Department of Radiology, Hôpital Beaujon, Assistance Publique des Hôpitaux de Paris, Université Paris Diderot, Sorbonne Paris Cité, INSERM unité 773 CRB3, Paris, France.
Clin Radiol. 2013 Jul;68(7):e362-9. doi: 10.1016/j.crad.2013.01.024. Epub 2013 Mar 26.
To evaluate the diagnosis and presentation of liver tumours in patients with congenital portosystemic shunts (CPS).
Eight patients were diagnosed in Hôpital Beaujon as having CPS. All patients underwent Doppler ultrasound, computed tomography (CT), magnetic resonance imaging (MRI), and histological examination of liver tumours.
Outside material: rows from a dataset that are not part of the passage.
lemma integrable_mult_inH:
  assumes "inH u" and [measurable]: "w \<in> borel_measurable borel"
    and "integrable lborel (\<lambda>x. (w x)^2 * finf x)"
  shows "integrable lborel (\<lambda>x. u x * w x)"
proof (rule Bochner_Integration.integrable_bound)
  show "integrable lborel (\<lambda>x. (u x)^2 / finf x + (w x)^2 * finf x)"
    using assms(1,3) unfolding inH_def by auto
  have [measurable]: "u \<in> borel_measurable borel"
    using assms(1) by (simp add: inH_def)
  show "(\<lambda>x. u x * w x) \<in> borel_measurable lborel"
    by measurable
  have "norm (u x * w x) \<le> norm ((u x)^2 / finf x + (w x)^2 * finf x)" for x
  proof -
    have "0 \<le> (\<bar>u x\<bar> - \<bar>w x\<bar> * finf x)^2 / finf x"
      using finf_pos[of x] by simp
    also have "\<dots> = (u x)^2 / finf x - 2 * \<bar>u x * w x\<bar> + (w x)^2 * finf x"
      using finf_pos[of x] by (simp add: power2_eq_square field_simps abs_mult)
    finally show ?thesis
      using finf_pos[of x] by simp
  qed
  then show "AE x in lborel. norm (u x * w x) \<le> norm ((u x)^2 / finf x + (w x)^2 * finf x)"
    by simp
qed

lemma integrable_Hinner:
  assumes "inH u" "inH w"
  shows "integrable lborel (\<lambda>x. u x * w x / finf x)"
proof -
  have [measurable]: "w \<in> borel_measurable borel"
    using assms(2) by (simp add: inH_def)
  have "(w x / finf x)^2 * finf x = (w x)^2 / finf x" for x
    using finf_pos[of x] by (simp add: power2_eq_square)
  then have sq: "integrable lborel (\<lambda>x. (w x / finf x)^2 * finf x)"
    using assms(2) by (simp add: inH_def)
  have "integrable lborel (\<lambda>x. u x * (w x / finf x))"
    by (rule integrable_mult_inH[OF assms(1) _ sq]) measurable
  then show ?thesis
    by simp
qed

lemma inH_lincomb:
  assumes "inH u" "inH v"
  shows "inH (\<lambda>x. a * u x + b * v x)"
  unfolding inH_def
proof
  have [measurable]: "u \<in> borel_measurable borel" "v \<in> borel_measurable borel"
    using assms by (simp_all add: inH_def)
  show "(\<lambda>x. a * u x + b * v x) \<in> borel_measurable lborel"
    by measurable
  have eq: "(\<lambda>x. (a * u x + b * v x)^2 / finf x)
      = (\<lambda>x. a^2 * ((u x)^2 / finf x) + 2 * a * b * (u x * v x / finf x) + b^2 * ((v x)^2 / finf x))"
    by (simp add: fun_eq_iff power2_eq_square add_divide_distrib algebra_simps)
  have "integrable lborel (\<lambda>x. a^2 * ((u x)^2 / finf x))"
    by (rule integrable_mult_right) (use assms(1) in \<open>simp add: inH_def\<close>)
  moreover have "integrable lborel (\<lambda>x. 2 * a * b * (u x * v x / finf x))"
    by (rule integrable_mult_right[OF integrable_Hinner[OF assms]])
  moreover have "integrable lborel (\<lambda>x. b^2 * ((v x)^2 / finf x))"
    by (rule integrable_mult_right) (use assms(2) in \<open>simp add: inH_def\<close>)
  ultimately show "integrable lborel (\<lambda>x. (a * u x + b * v x)^2 / finf x)"
    unfolding eq by (intro Bochner_Integration.integrable_add)
qed

lemma Hinner_nonneg: "0 \<le> Hinner u u"
  unfolding Hinner_def by (intro integral_nonneg_AE AE_I2 divide_nonneg_pos finf_pos) simp

lemma Hinner_Cauchy_Schwarz:
  assumes "inH u" "inH v"
  shows "\<bar>Hinner u v\<bar> \<le> Hnorm u * Hnorm v"
proof -
  have [measurable]: "u \<in> borel_measurable borel" "v \<in> borel_measurable borel"
    using assms by (simp_all add: inH_def)
  define U where "U x = \<bar>u x\<bar> / sqrt (finf x)" for x
  define V where "V x = \<bar>v x\<bar> / sqrt (finf x)" for x
  have [measurable]: "U \<in> borel_measurable borel" "V \<in> borel_measurable borel"
    unfolding U_def[abs_def] V_def[abs_def] by measurable
  have U0: "0 \<le> U x" and V0: "0 \<le> V x" for x
    using finf_pos[of x] by (simp_all add: U_def V_def)
  have UV: "U x * V x = \<bar>u x * v x / finf x\<bar>" for x
    using finf_pos[of x] by (simp add: U_def V_def abs_mult)
  have U2: "(U x)^2 = (u x)^2 / finf x" and V2: "(V x)^2 = (v x)^2 / finf x" for x
    using finf_pos[of x] by (simp_all add: U_def V_def power_divide)
  have iUV: "integrable lborel (\<lambda>x. U x * V x)"
    unfolding UV by (intro integrable_abs integrable_Hinner assms)
  have iU2: "integrable lborel (\<lambda>x. (U x)^2)" and iV2: "integrable lborel (\<lambda>x. (V x)^2)"
    using assms by (simp_all add: U2 V2 inH_def)
  have I0: "0 \<le> (\<integral>x. U x * V x \<partial>lborel)" "0 \<le> (\<integral>x. (U x)^2 \<partial>lborel)"
    "0 \<le> (\<integral>x. (V x)^2 \<partial>lborel)"
    using U0 V0 by (auto intro!: integral_nonneg_AE)
  have "ennreal (\<integral>x. U x * V x \<partial>lborel) = (\<integral>\<^sup>+x. ennreal (U x * V x) \<partial>lborel)"
    by (rule nn_integral_eq_integral[symmetric]) (auto simp: iUV U0 V0)
  then have "ennreal ((\<integral>x. U x * V x \<partial>lborel)^2) = (\<integral>\<^sup>+x. ennreal (U x) * ennreal (V x) \<partial>lborel)^2"
    using U0 V0 I0 by (simp add: ennreal_mult flip: ennreal_power)
  also have "\<dots> \<le> (\<integral>\<^sup>+x. ennreal (U x) ^ 2 \<partial>lborel) * (\<integral>\<^sup>+x. ennreal (V x) ^ 2 \<partial>lborel)"
    by (rule Cauchy_Schwarz_nn_integral) measurable
  also have "\<dots> = ennreal (\<integral>x. (U x)^2 \<partial>lborel) * ennreal (\<integral>x. (V x)^2 \<partial>lborel)"
    using U0 V0 by (simp add: ennreal_power nn_integral_eq_integral iU2 iV2)
  also have "\<dots> = ennreal ((\<integral>x. (U x)^2 \<partial>lborel) * (\<integral>x. (V x)^2 \<partial>lborel))"
    by (rule ennreal_mult[symmetric, OF I0(2,3)])
  finally have CS: "(\<integral>x. U x * V x \<partial>lborel)^2 \<le> (\<integral>x. (U x)^2 \<partial>lborel) * (\<integral>x. (V x)^2 \<partial>lborel)"
    using I0 by (subst (asm) ennreal_le_iff) auto
  have "\<bar>Hinner u v\<bar> \<le> (\<integral>x. U x * V x \<partial>lborel)"
    unfolding Hinner_def UV by (rule integral_abs_bound)
  also have "\<dots> \<le> sqrt ((\<integral>x. (U x)^2 \<partial>lborel) * (\<integral>x. (V x)^2 \<partial>lborel))"
    by (rule real_le_rsqrt[OF CS])
  also have "\<dots> = Hnorm u * Hnorm v"
    unfolding Hnorm_def Hinner_def U2 V2 by (simp add: power2_eq_square real_sqrt_mult)
  finally show ?thesis .
qed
CPS were classified according to anatomy and the amount of portal flow deviated to the systemic circulation as: total, subtotal, or partial. Liver tumours were diagnosed by needle core biopsy (n = 5) or surgery (n = 3). Clinical follow-up was available in all patients but one (mean follow-up 36 months; range 1-5 years).
Six patients had total CPS, one patient had a subtotal CPS, and the last had a partial CPS. All patients presented with multiple liver nodules (range four to >15). The tumours were characterized as focal nodular hyperplasia (FNH; n = 4), FNH with hepatocellular adenoma (n = 2), and regenerative nodular hyperplasia (n = 2). In four of seven patients (57%) that had follow-up, tumours showed enlargement or new lesions appeared.
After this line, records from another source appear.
(* Let $\mathit{LR}$ be the graded dual Hopf algebra of $\mathcal{Y}Sym$ and $\{M^*_t\}$ the basis dual to $\{M_t\}$. Then $\mathit{LR}$ is the free associative algebra generated by $\{M^*_t: t\text{ progressive}\}$, and $M^*_s\cdot M^*_t=M^*_{s\backslash t}$ for all trees $s,t$.
   Context: $\mathcal{Y}_n$ = rooted planar binary trees with $n$ internal nodes, $\mathcal{Y}_0=\{|\}$; $s\vee t$ = tree whose root has left subtree $s$ and right subtree $t$; $t=t_l\vee t_r$ uniquely for $t\ne|$. Tamari order on $\mathcal{Y}_n$: generated by replacing a subtree $(a\vee b)\vee c$ by the larger $a\vee(b\vee c)$. $|\backslash t=t$, $s\backslash t=s_l\vee(s_r\backslash t)$. A tree $t\ne|$ is progressive if $t_r=|$. $\mathcal{Y}Sym$ is the graded connected Hopf algebra over $\mathbb{Q}$ with basis $F_t$ ($t\in\bigsqcup_n\mathcal{Y}_n$, degree $n$ for $t\in\mathcal{Y}_n$). Leaves of $t\in\mathcal{Y}_p$ are numbered $0..p$; splitting at leaf $i$, $t\to(t_0,t_1)$: $|\to(|,|)$; for $t=t_l\vee t_r$, $t\to(a,b\vee t_r)$ if leaf $i$ is in $t_l$ and $t_l\to(a,b)$ there, $t\to(t_l\vee c,d)$ if in $t_r$ and $t_r\to(c,d)$. $\Delta(F_t)=\sum_iF_{t_0}\otimes F_{t_1}$. For $s\in\mathcal{Y}_q$: $F_t\cdot F_s=\sum F_{(t_0,\dots,t_q)/s}$ over multisets $i_1\le\dots\le i_q$ of leaves of $t$, where the division $t\to(t_0,\dots,t_q)$ splits $t$ at $i_q$ into $(t',t_q)$ then divides $t'$ at $i_1,..,i_{q-1}$, and $(t_0,..,t_q)/s$ grafts the root of $t_i$ on the $i$-th leaf ($0\le i\le q$) of $s$. $M_t=\sum_{t\le s}\mu_{\mathcal{Y}_n}(t,s)F_s$ (Möbius function of Tamari order). The product of $\mathit{LR}$ is dual to the coproduct of $\mathcal{Y}Sym$ and vice versa. *)

theory Defs
  imports Complex_Main
begin

text \<open>Rooted planar binary trees: Leaf is the tree with no internal node,
  Node s t is s \<or> t (left subtree s, right subtree t).\<close>
datatype tree = Leaf | Node tree tree

fun nodes :: "tree \<Rightarrow> nat" where
  "nodes Leaf = 0"
| "nodes (Node l r) = Suc (nodes l + nodes r)"

inductive rot :: "tree \<Rightarrow> tree \<Rightarrow> bool" where
  rot_root: "rot (Node (Node a b) c) (Node a (Node b c))"
| rot_left: "rot l l' \<Longrightarrow> rot (Node l r) (Node l' r)"
| rot_right: "rot r r' \<Longrightarrow> rot (Node l r) (Node l r')"

definition tamari_le :: "tree \<Rightarrow> tree \<Rightarrow> bool" where
  "tamari_le = rot\<^sup>*\<^sup>*"

definition tamari_lt :: "tree \<Rightarrow> tree \<Rightarrow> bool" where
  "tamari_lt s t \<longleftrightarrow> tamari_le s t \<and> s \<noteq> t"

definition mobius :: "tree \<Rightarrow> tree \<Rightarrow> rat" where
  "mobius = (THE \<mu>. \<forall>t s. \<mu> t s =
      (if t = s then 1
       else if tamari_lt t s then - (\<Sum>u\<in>{u. tamari_le t u \<and> tamari_lt u s}. \<mu> t u)
       else 0))"

text \<open>splitting a tree at leaf i (leaves numbered 0..nodes t from left to right)\<close>
fun split_at :: "tree \<Rightarrow> nat \<Rightarrow> tree \<times> tree" where
  "split_at Leaf i = (Leaf, Leaf)"
| "split_at (Node l r) i =
     (if i \<le> nodes l then (let (a, b) = split_at l i in (a, Node b r))
      else (let (c, d) = split_at r (i - nodes l - 1) in (Node l c, d)))"

fun under :: "tree \<Rightarrow> tree \<Rightarrow> tree" where
  "under Leaf t = t"
| "under (Node l r) t = Node l (under r t)"

definition progressive :: "tree \<Rightarrow> bool" where
  "progressive t \<longleftrightarrow> (\<exists>l. t = Node l Leaf)"

text \<open>Elements of YSym and of its graded dual LR are both represented by
  finitely supported coefficient functions on trees. For YSym, x u is the
  coefficient of F_u; for LR, \<phi> u is the value of the functional on F_u.
  (Graded dual: finite sums of homogeneous functionals; each Y_n is finite.)\<close>
definition fin_supp :: "(tree \<Rightarrow> rat) \<Rightarrow> bool" where
  "fin_supp f \<longleftrightarrow> finite {t. f t \<noteq> 0}"

definition LR :: "(tree \<Rightarrow> rat) set" where
  "LR = {\<phi>. fin_supp \<phi>}"

definition M :: "tree \<Rightarrow> (tree \<Rightarrow> rat)" where
  "M t = (\<lambda>s. if tamari_le t s then mobius t s else 0)"

definition pair :: "(tree \<Rightarrow> rat) \<Rightarrow> (tree \<Rightarrow> rat) \<Rightarrow> rat" where
  "pair \<phi> x = (\<Sum>u\<in>{u. x u \<noteq> 0}. \<phi> u * x u)"

definition Mdual :: "tree \<Rightarrow> (tree \<Rightarrow> rat)" where
  "Mdual t = (THE \<phi>. \<phi> \<in> LR \<and> (\<forall>s. pair \<phi> (M s) = (if s = t then 1 else 0)))"

text \<open>product of LR, dual to the coproduct
  \<Delta>(F_t) = \<Sum>_i F_{t_0} \<otimes> F_{t_1} of YSym\<close>
definition lr_mult :: "(tree \<Rightarrow> rat) \<Rightarrow> (tree \<Rightarrow> rat) \<Rightarrow> (tree \<Rightarrow> rat)" where
  "lr_mult \<phi> \<psi> = (\<lambda>t. \<Sum>i\<le>nodes t. \<phi> (fst (split_at t i)) * \<psi> (snd (split_at t i)))"

definition lr_one :: "tree \<Rightarrow> rat" where
  "lr_one = (\<lambda>t. if t = Leaf then 1 else 0)"

definition lr_scale :: "rat \<Rightarrow> (tree \<Rightarrow> rat) \<Rightarrow> (tree \<Rightarrow> rat)" where
  "lr_scale c \<phi> = (\<lambda>t. c * \<phi> t)"

definition word_mono :: "tree list \<Rightarrow> (tree \<Rightarrow> rat)" where
  "word_mono ws = foldr lr_mult (map Mdual ws) lr_one"

definition free_assoc_on :: "'a set \<Rightarrow> ('a \<Rightarrow> (tree \<Rightarrow> rat)) \<Rightarrow> bool" where
  "free_assoc_on X g \<longleftrightarrow>
     (\<forall>a\<in>LR. \<forall>b\<in>LR. \<forall>c\<in>LR. lr_mult (lr_mult a b) c = lr_mult a (lr_mult b c)) \<and>
     (\<forall>a\<in>LR. lr_mult lr_one a = a \<and> lr_mult a lr_one = a) \<and>
     (\<forall>W c. finite W \<longrightarrow> W \<subseteq> lists X \<longrightarrow>
        (\<lambda>t. \<Sum>w\<in>W. c w * foldr lr_mult (map g w) lr_one t) = (\<lambda>t. 0) \<longrightarrow>
        (\<forall>w\<in>W. c w = 0)) \<and>
     (\<forall>\<phi>\<in>LR. \<exists>W c. finite W \<and> W \<subseteq> lists X \<and>
        \<phi> = (\<lambda>t. \<Sum>w\<in>W. c w * foldr lr_mult (map g w) lr_one t))"

end

theory Submission
  imports Defs
begin

text \<open>The dual basis element M*_t is the indicator function of the principal
  down-set {u. u \<le> t} of the Tamari order, because M is the Moebius inversion
  of F. Splitting a tree u at leaf |s| is Tamari-monotone, and u lies below the
  \<setminus>-product of its two pieces; hence u \<le> s \<setminus> t exactly when the two
  pieces lie below s and t, which is the identity M*_s M*_t = M*_(s \<setminus> t).
  Every tree is uniquely t_1 \<setminus> ... \<setminus> t_k with progressive t_i, so the monomials
  in the progressive generators are exactly the indicators of principal down-sets,
  and these form a basis by triangularity with respect to the Tamari order.\<close>

lemma rot_nodes: "rot u v \<Longrightarrow> nodes u = nodes v"
  by (induction rule: rot.induct) auto

fun right_weight :: "tree \<Rightarrow> nat" where
  "right_weight Leaf = 0"
| "right_weight (Node l r) = right_weight l + right_weight r + nodes r"

lemma rot_right_weight_less: "rot u v \<Longrightarrow> right_weight u < right_weight v"
  by (induction rule: rot.induct) (auto simp: rot_nodes)

lemma rot_imp_tamari_le: "rot u v \<Longrightarrow> tamari_le u v"
  unfolding tamari_le_def by auto

lemma tamari_le_refl [simp]: "tamari_le u u"
  unfolding tamari_le_def by simp

lemma tamari_le_trans [trans]: "tamari_le u v \<Longrightarrow> tamari_le v w \<Longrightarrow> tamari_le u w"
  unfolding tamari_le_def by (rule rtranclp_trans)

lemma tamari_le_nodes: "tamari_le u v \<Longrightarrow> nodes u = nodes v"
  unfolding tamari_le_def by (induction rule: rtranclp_induct) (auto dest: rot_nodes)

lemma tamari_le_right_weight: "tamari_le u v \<Longrightarrow> right_weight u \<le> right_weight v"
  unfolding tamari_le_def
  by (induction rule: rtranclp_induct) (auto dest: rot_right_weight_less)

lemma tamari_lt_right_weight_less: "tamari_lt u v \<Longrightarrow> right_weight u < right_weight v"
proof -
  assume "tamari_lt u v"
  then have "rot\<^sup>+\<^sup>+ u v"
    unfolding tamari_lt_def tamari_le_def by (auto dest: rtranclpD)
  then show ?thesis
    by (induction rule: tranclp_induct) (auto dest: rot_right_weight_less)
qed

lemma tamari_le_antisym: "tamari_le u v \<Longrightarrow> tamari_le v u \<Longrightarrow> u = v"
  using tamari_lt_right_weight_less tamari_le_right_weight
  by (fastforce simp: tamari_lt_def)

interpretation tamari: order tamari_le tamari_lt
  by unfold_locales
    (auto simp: tamari_lt_def intro: tamari_le_trans dest: tamari_le_antisym)

lemma tamari_le_Node_left: "tamari_le l l' \<Longrightarrow> tamari_le (Node l r) (Node l' r)"
  unfolding tamari_le_def
  by (induction rule: rtranclp_induct) (auto intro: rtranclp.rtrancl_into_rtrancl rot_left)

lemma tamari_le_Node_right: "tamari_le r r' \<Longrightarrow> tamari_le (Node l r) (Node l r')"
  unfolding tamari_le_def
  by (induction rule: rtranclp_induct) (auto intro: rtranclp.rtrancl_into_rtrancl rot_right)

lemma finite_nodes_le: "finite {t. nodes t \<le> n}"
proof (induction n)
  case 0
  have "{t. nodes t \<le> 0} = {Leaf}"
    by (auto elim: nodes.elims)
  then show ?case by simp
next
  case (Suc n)
  let ?A = "{t. nodes t \<le> n}"
  have "{t. nodes t \<le> Suc n} \<subseteq> insert Leaf (case_prod Node ` (?A \<times> ?A))"
  proof
    fix t assume "t \<in> {t. nodes t \<le> Suc n}"
    then show "t \<in> insert Leaf (case_prod Node ` (?A \<times> ?A))"
      by (cases t) auto
  qed
  then show ?case
    using Suc by (auto intro: finite_subset)
qed

lemma finite_tamari_up: "finite {v. tamari_le s v}"
  by (rule finite_subset[OF _ finite_nodes_le[of "nodes s"]]) (auto dest: tamari_le_nodes)

lemma finite_tamari_down: "finite {v. tamari_le v s}"
  by (rule finite_subset[OF _ finite_nodes_le[of "nodes s"]]) (auto dest: tamari_le_nodes)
In this series of CPS patients, tumours were all benign, multiple, and of hepatocellular origin, and different tumours were present simultaneously in two patients. Tumour enlargement or new nodules were common during follow-up.
评估先天性门体分流(CPS)患者肝肿瘤的诊断和表现。
在博让医院诊断出 8 例 CPS 患者。所有患者均行多普勒超声、计算机断层扫描(CT)、磁共振成像(MRI)和肝肿瘤组织学检查。根据解剖学和门静脉向体循环分流的程度将 CPS 分为完全性、部分性和不完全性。肝肿瘤通过肝穿刺活检(n=5)或手术(n=3)进行诊断。除 1 例患者外(平均随访 36 个月;范围 1-5 年),所有患者均获得临床随访。
6 例患者为完全性 CPS,1 例患者为部分性 CPS,最后 1 例为不完全性 CPS。所有患者均表现为多发肝结节(范围 4-15 个)。肿瘤特征为局灶性结节性增生(FNH;n=4)、FNH 伴肝细胞腺瘤(n=2)和再生性结节性增生(n=2)。在 7 例有随访的患者中(57%),肿瘤增大或出现新病灶。
在本系列 CPS 患者中,肿瘤均为良性、多发且来源于肝细胞,2 例患者同时存在不同类型的肿瘤。随访期间肿瘤增大或出现新结节较为常见。